(* Let $\mathbf{C}$ be the Cantor set with a fixed compatible metric $\mathrm{dist}$, let $X \subset \mathbf{C}$, and let $f : X \to Y$ be a continuous clopen-LC function from $X$ onto $Y \subset \mathbf{C}$ such that $f^{-1}(y)$ is compact for every $y \in Y$. For $n = 1,2,\dots$, let $X_n$ be the union of all fibers $f^{-1}(y)$, $y \in Y$, for which there exist a sequence $y_k \to y$ in $Y$ with $y_k \neq y$ for all $k$ and $y_k \neq y_j$ for $k\ne j$, points $x_k \in f^{-1}(y_k)$, and a point $\tilde{x}_y \in \mathbf{C}$ with $x_k \to \tilde{x}_y$ and $\mathrm{dist}(\tilde{x}_y, f^{-1}(y)) > 1/n$; let $Y_n = f(X_n)$. Then for every $n \ge 1$ the restriction $g_n = f|_{f^{-1}(\mathrm{cl}_Y Y_n)} : f^{-1}(\mathrm{cl}_Y Y_n) \to \mathrm{cl}_Y Y_n$ is an open function.
   Context: A subset of a topological space is an LC-set if it is the intersection of an open set and a closed set. A function is open if it maps open sets to open sets of its image space. A function $f : X \to Y$ is clopen-LC if for every subset $U \subset X$ that is clopen in $X$, the image $f(U)$ is an LC-set in $Y$. $\mathrm{cl}_Y$ denotes closure in $Y$. *)

theory Defs
  imports "HOL-Analysis.Analysis"
begin

definition cantor_set :: "real set" where
  "cantor_set = range (\<lambda>d::nat \<Rightarrow> bool. \<Sum>i. (if d i then 2 else 0) / 3 ^ Suc i)"
lemma sparse_cantor_subset: "sparse_cantor \<subseteq> {0..1}"
proof
  fix x assume "x \<in> sparse_cantor"
  then show "x \<in> {0..1}" using sparse_cantor_approx[of x 0] by auto
qed

lemma zero_in_sparse_cantor: "0 \<in> sparse_cantor"
  using cantor_pts_subset[of 0] by simp

lemma compact_sparse_cantor: "compact sparse_cantor"
proof -
  have "closed (cantor_approx n)" for n
    unfolding cantor_approx_def using finite_cantor_pts by (intro closed_UN) auto
  then have "closed sparse_cantor" unfolding sparse_cantor_def by auto
  moreover have "bounded sparse_cantor"
    using sparse_cantor_subset by (rule bounded_subset[rotated]) simp
  ultimately show ?thesis by (simp add: compact_eq_bounded_closed)
qed

lemma cantor_pts_full_block:
  assumes free: "\<And>l. n < l \<Longrightarrow> l \<le> n + d \<Longrightarrow> l \<in> free_levels"
    and p: "p \<in> cantor_pts n" and j: "j < 2^d"
  shows "p + real j * (1/2)^(n + d) \<in> cantor_pts (n + d)"
  using free j
proof (induction d arbitrary: j)
  case (Suc d)
  have free_Suc: "Suc (n + d) \<in> free_levels" using Suc.prems(1)[of "Suc (n + d)"] by simp
  have "j div 2 < 2^d" using Suc.prems(2) by (simp add: less_mult_imp_div_less)
  then have coarse: "p + real (j div 2) * (1/2)^(n + d) \<in> cantor_pts (n + d)"
    using Suc.IH Suc.prems(1) by force
  have "real j = 2 * real (j div 2) + real (j mod 2)"
    by (metis of_nat_add of_nat_mult div_mult_mod_eq mult.commute of_nat_numeral)
  then have split: "p + real j * (1/2)^(n + Suc d)
      = p + real (j div 2) * (1/2)^(n + d) + real (j mod 2) * (1/2)^Suc (n + d)"
    by (simp add: algebra_simps)
  have cantor_pts_Suc_free: "cantor_pts (n + Suc d)
      = cantor_pts (n + d) \<union> (\<lambda>q. q + (1/2)^Suc (n + d)) ` cantor_pts (n + d)"
    using free_Suc by simp
  show ?case
  proof (cases "j mod 2 = 0")
    case True
    then show ?thesis using coarse split unfolding cantor_pts_Suc_free by simp
  next
    case False
    then have "p + real j * (1/2)^(n + Suc d)
        = (\<lambda>q. q + (1/2)^Suc (n + d)) (p + real (j div 2) * (1/2)^(n + d))"
      using split by simp
    then show ?thesis using coarse unfolding cantor_pts_Suc_free by blast
  qed
qed (use p in simp)

fun free_count :: "nat \<Rightarrow> nat" where
  "free_count 0 = 0"
| "free_count (Suc n) = free_count n + (if Suc n \<in> free_levels then 1 else 0)"

lemma card_cantor_pts: "card (cantor_pts n) \<le> 2 ^ free_count n"
proof (induction n)
  case (Suc n)
  show ?case
  proof (cases "Suc n \<in> free_levels")
    case True
    have "card (cantor_pts (Suc n))
        \<le> card (cantor_pts n) + card ((\<lambda>p. p + (1/2)^Suc n) ` cantor_pts n)"
      using True by (simp add: card_Un_le)
    also have "\<dots> \<le> 2 * card (cantor_pts n)" using card_image_le[OF finite_cantor_pts] by simp
    finally show ?thesis using Suc True by simp
  qed (use Suc in simp)
qed simp

lemma free_count_le: "free_count n \<le> n"
  by (induction n) auto

lemma free_count_const:
  "m \<le> n \<Longrightarrow> (\<And>l. m < l \<Longrightarrow> l \<le> n \<Longrightarrow> l \<notin> free_levels) \<Longrightarrow> free_count n = free_count m"
  by (induction n rule: dec_induct) auto
(* Let $\mathcal{H}=\mathcal{H}_1\otimes\mathcal{H}_2\otimes\mathcal{H}_3$ with $\dim\mathcal{H}_i=d_i$, and let $U\in SU(d_1d_2d_3)$ act on $\mathcal{H}$, with matrix elements $U^{j_1j_2j_3}_{j_{1'}j_{2'}j_{3'}}=\langle j_1j_2j_3|U|j_{1'}j_{2'}j_{3'}\rangle$ and $(U^\dagger)^{j_{1'}j_{2'}j_{3'}}_{j_1j_2j_3}=\langle j_{1'}j_{2'}j_{3'}|U^\dagger|j_1j_2j_3\rangle$ in a fixed product orthonormal basis. Then the entangling power with respect to one-tangle satisfies $$\epsilon_1(U)=\tfrac13\left[\epsilon_{12|3}(U)+\epsilon_{13|2}(U)+\epsilon_{23|1}(U)\right],$$ and for each bipartition $ab|c\in\{12|3,\,13|2,\,23|1\}$, $$\epsilon_{ab|c}(U)=2\Bigg[1-\Bigg(\prod_{i=1}^3\frac{1}{d_i(d_i+1)}\Bigg)\,u_{\vec r}\,u_{\vec s}\,u_{\vec t}\,f^{ab|c}_{\vec r,\vec s,\vec t}(U)\Bigg],$$ where for a four-component index vector $\vec v=(v_1,v_2,v_3,v_4)$ we set $u_{\vec v}=\delta^{v_1}_{v_2}\delta^{v_3}_{v_4}+\delta^{v_1}_{v_4}\delta^{v_3}_{v_2}$, and $$f^{ab|c}_{\vec r,\vec s,\vec t}(U)=\delta^{i_a}_{l_a}\delta^{i_b}_{l_b}\delta^{i_c}_{j_c}\delta^{k_a}_{j_a}\delta^{k_b}_{j_b}\delta^{k_c}_{l_c}\,U^{i_1i_2i_3}_{r_1s_1t_1}(U^\dagger)^{r_2s_2t_2}_{j_1j_2j_3}U^{k_1k_2k_3}_{r_3s_3t_3}(U^\dagger)^{r_4s_4t_4}_{l_1l_2l_3}.$$ Here the Einstein summation convention is used: all repeated indices are summed, in particular over all $\vec r\in\{0,\dots,d_1-1\}^4$, $\vec s\in\{0,\dots,d_2-1\}^4$, $\vec t\in\{0,\dots,d_3-1\}^4$, and over $i_m,j_m,k_m,l_m\in\{0,\dots,d_m-1\}$ for $m=1,2,3$ (subscripts $a,b,c$ on $i,j,k,l$ refer to the party labels).
   Context: For a pure state $|\psi\rangle\in\mathcal{H}$ and a bipartition $g|g'$ of the parties $\{1,2,3\}$, the generalized concurrence is $\tau_{g|g'}(|\psi\rangle)=2\big(1-\operatorname{tr}[(\operatorname{tr}_g|\psi\rangle\langle\psi|)^2]\big)$. The one-tangle is $\tau_1(|\psi\rangle)=\frac13[\tau_{12|3}+\tau_{13|2}+\tau_{23|1}](|\psi\rangle)$. For a unitary $U$ on $\mathcal{H}$, $\epsilon_{ab|c}(U)$ denotes the average of $\tau_{ab|c}(U|\psi_{\rm sep}\rangle)$ and $\epsilon_1(U)$ the average of $\tau_1(U|\psi_{\rm sep}\rangle)$, where $|\psi_{\rm sep}\rangle=|\psi_1\rangle\otimes|\psi_2\rangle\otimes|\psi_3\rangle$ with each $|\psi_i\rangle$ drawn independently from the unitarily invariant (Haar) measure on pure states of $\mathcal{H}_i$. *)

theory Defs
  imports "HOL-Probability.Probability"
begin

text \<open>Dimensions d_i are encoded as finite index types 'n1, 'n2, 'n3 with d_i = CARD('n_i).
  Vectors in H_i are complex^'n_i; H = H_1 (x) H_2 (x) H_3 has basis indexed by 'n1 * 'n2 * 'n3.
  Matrices: U $ row $ col, i.e. U $ j $ j' = <j|U|j'>.\<close>

definition adj :: "complex^'m^'n \<Rightarrow> complex^'n^'m" where
  "adj A = (\<chi> i j. cnj (A $ j $ i))"

definition unitary_mat :: "complex^'n^'n \<Rightarrow> bool" where
  "unitary_mat A \<longleftrightarrow> A ** adj A = mat 1 \<and> adj A ** A = mat 1"

definition special_unitary :: "complex^'n^'n \<Rightarrow> bool" where
  "special_unitary A \<longleftrightarrow> unitary_mat A \<and> det A = 1"

definition haar_state_measure :: "(complex^'n) measure \<Rightarrow> bool" where
  "haar_state_measure M \<longleftrightarrow>
     prob_space M \<and> sets M = sets borel \<and>
     (AE x in M. norm x = 1) \<and>
     (\<forall>V :: complex^'n^'n. unitary_mat V \<longrightarrow> distr M borel (\<lambda>x. V *v x) = M)"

- [Problem description]
Copy each line of the material where "that" is found.

- [Solution to this exercise]
(* Let $\mathbf{C}$ be the Cantor set with a fixed compatible metric $\mathrm{dist}$, let $X \subset \mathbf{C}$, and let $f : X \to Y$ be a continuous clopen-LC function from $X$ onto $Y \subset \mathbf{C}$ such that $f^{-1}(y)$ is compact for every $y \in Y$. For $n = 1,2,\dots$, let $X_n$ be the union of all fibers $f^{-1}(y)$, $y \in Y$, for which there exist a sequence $y_k \to y$ in $Y$ with $y_k \neq y$ for all $k$ and $y_k \neq y_j$ for $k\ne j$, points $x_k \in f^{-1}(y_k)$, and a point $\tilde{x}_y \in \mathbf{C}$ with $x_k \to \tilde{x}_y$ and $\mathrm{dist}(\tilde{x}_y, f^{-1}(y)) > 1/n$; let $Y_n = f(X_n)$. Then for every $n \ge 1$ the restriction $g_n = f|_{f^{-1}(\mathrm{cl}_Y Y_n)} : f^{-1}(\mathrm{cl}_Y Y_n) \to \mathrm{cl}_Y Y_n$ is an open function.
   Context: A subset of a topological space is an LC-set if it is the intersection of an open set and a closed set. A function is open if it maps open sets to open sets of its image space. A function $f : X \to Y$ is clopen-LC if for every subset $U \subset X$ that is clopen in $X$, the image $f(U)$ is an LC-set in $Y$. $\mathrm{cl}_Y$ denotes closure in $Y$. *)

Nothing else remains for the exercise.